Bartenders in Rome picked it up. Then Milan. Then Paris, London, and New York. By the 1950s, it appeared in cocktail guides across Europe and America. Orson Welles was among its early famous admirers — he wrote enthusiastically about it during his years in Italy. Today the drink has its own global celebration, Negroni Week, raising money for charities around the world each year.
It is now one of the most ordered cocktails on Earth — served in bars from Tokyo to São Paulo. Bartenders craft variations with mezcal, aged rum, or barrel-rested vermouth. Entire menus are built around it.
All of it traces back to a single request in a Florentine bar.
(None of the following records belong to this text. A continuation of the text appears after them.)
lemma inj_ut_embed:
  assumes two: "(2::'f) \<noteq> 0" and nc: "x ** y \<noteq> y ** x"
  shows "inj (ut_embed x y)"
proof (rule injI)
  fix u v assume uv_eq: "ut_embed x y u = ut_embed x y v"
  obtain a b c a' b' c' where uv: "u = (a, b, c)" "v = (a', b', c')"
    by (metis prod_cases3)
  have halves: "r = (r + s) / 2 - (s - r) / 2" "s = (r + s) / 2 + (s - r) / 2" for r s :: 'f
    using two by (simp_all add: diff_divide_distrib add_divide_distrib)
  have "(a + c) / 2 = (a' + c') / 2 \<and> b = b' \<and> (c - a) / 2 = (c' - a') / 2"
    using uv_eq by (simp only: uv ut_embed_def prod.case comb_eq_comb_iff[OF nc])
  then show "u = v"
    using halves[where r = a and s = c] halves[where r = a' and s = c'] by (metis uv)
qed

lemma range_ut_embed:
  assumes two: "(2::'f) \<noteq> 0" and nc: "x ** y \<noteq> y ** x"
  shows "range (ut_embed x y) = span {e, x, y}"
proof
  show "range (ut_embed x y) \<subseteq> span {e, x, y}"
    by (auto simp: ut_embed_def comb_in_span_unit_pair)
  show "span {e, x, y} \<subseteq> range (ut_embed x y)"
  proof
    fix z assume "z \<in> span {e, x, y}"
    then obtain a b c where z: "z = comb x y a b c"
      by (auto simp: mem_span_unit_pair_iff)
    have "ut_embed x y (a - c, b, a + c) = z"
      using two by (simp add: z ut_embed_def comb_eq_comb_iff[OF nc] field_simps)
    then show "z \<in> range (ut_embed x y)" by (metis rangeI)
  qed
qed

lemma iso_to_U_if_relations:
  assumes two: "(2::'f) \<noteq> 0" and x0: "x \<noteq> 0"
    and rel: "x ** x = 0" "y ** y = e" "x ** y = x" "y ** x = - x"
  shows "iso_to_U sc mul e (span {e, x, y})"
proof -
  have "x ** y - y ** x = 2 *s x"
    using rel scale_left_distrib[of 1 1 x] by (simp add: one_add_one)
  then have nc: "x ** y \<noteq> y ** x"
    using two x0 by auto
  have table: "comb x y a b c ** comb x y a' b' c' =
      comb x y (a * a' + c * c') (a * b' + a' * b + (b * c' - c * b')) (a * c' + a' * c)"
    for a b c a' b' c'
    using mul_comb[of x 0 y 1 0] rel by simp
  have four: "(4::'f) \<noteq> 0" and sixteen: "(16::'f) \<noteq> 0"
    using power_not_zero[OF two, of 2] power_not_zero[OF two, of 4] by simp_all
  let ?\<psi> = "ut_embed x y"
  have "?\<psi> (ut_add u v) = ?\<psi> u + ?\<psi> v" for u v
    using two four by (cases u; cases v)
      (simp add: ut_embed_def ut_add_def comb_add comb_eq_comb_iff[OF nc] field_simps)
  moreover have "?\<psi> (ut_scale r u) = r *s ?\<psi> u" for r u
    using two four by (cases u)
      (simp add: ut_embed_def ut_scale_def comb_scale comb_eq_comb_iff[OF nc] field_simps)
  moreover have "?\<psi> (ut_mul u v) = ?\<psi> u ** ?\<psi> v" for u v
    using two four sixteen by (cases u; cases v)
      (simp add: ut_embed_def ut_mul_def table comb_eq_comb_iff[OF nc] field_simps)
  moreover have "?\<psi> (1, 0, 1) = e"
    using two by (simp add: ut_embed_def comb_def)
  ultimately show ?thesis
    using iso_to_U_if_embedding[OF inj_ut_embed[OF two nc] range_ut_embed[OF two nc]] by blast
qed

end

lemma is_algebra_iff_unital_algebra: "is_algebra sc mul e \<longleftrightarrow> unital_algebra sc mul e"
  by (auto simp: is_algebra_def unital_algebra_def unital_algebra_axioms_def)

lemma ut_mul_assoc: "ut_mul (ut_mul u v) w = ut_mul u (ut_mul v w)"
  by (cases u; cases v; cases w) (simp add: ut_mul_def algebra_simps)

lemma assoc_on_if_iso_to_U:
  fixes sc :: "'f::field \<Rightarrow> 'a::ab_group_add \<Rightarrow> 'a"
  assumes closed: "\<forall>x\<in>B. \<forall>y\<in>B. mul x y \<in> B" and iso: "iso_to_U sc mul e B"
  shows "assoc_on mul B"
proof -
  obtain \<phi> :: "'a \<Rightarrow> 'f \<times> 'f \<times> 'f" where "inj_on \<phi> B"
    and hom: "\<forall>x\<in>B. \<forall>y\<in>B. \<phi> (mul x y) = ut_mul (\<phi> x) (\<phi> y)"
    using iso unfolding iso_to_U_def bij_betw_def by blast
  then show ?thesis
    unfolding assoc_on_def using closed by (simp add: ut_mul_assoc flip: inj_on_eq_iff)
qed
The aperitivo tradition that the Count loved — that Italian ritual of slowing the day down before dinner with a glass in hand — still shapes life across Italy today, one of the most civilised habits in the world.
The Recipe Has Not Changed
The original Negroni is deceptively simple.
Equal parts: gin, Campari, sweet red vermouth. Stirred over ice, not shaken. Strained into a tumbler over a large ice cube. Finished with an orange peel — always orange, never lemon.
That is it. No secret ingredient. No elaborate technique. The Count’s bartender knew that the best things rarely need to be complicated.
Where to Drink One in Italy Today
You can order a Negroni in almost any Italian bar. But for something closer to the original, go to Florence.
Caffè Roberto Cavalli on Via de’ Tornabuoni — formerly Bar Giacosa, which stood on the site of Caffè Casoni — is where the drink was born. The bar still serves a classic Negroni in its original home.
Nearby, dozens of Florentine bars line the streets around the Arno and the Medici-era heart of the city. Each has its own recipe, its own vermouth preference, its own orange twist technique.
Aperitivo hour begins around 6pm. Take a seat at the bar. Order a Negroni. Ask for the orange slice.
It is as close as you will ever get to sitting beside the Count himself.
Italy has a rare gift for turning small, ordinary moments into something lasting.
A restless nobleman. A patient bartender. A simple request for something stronger.
One hundred years later, that moment still lives in every glass.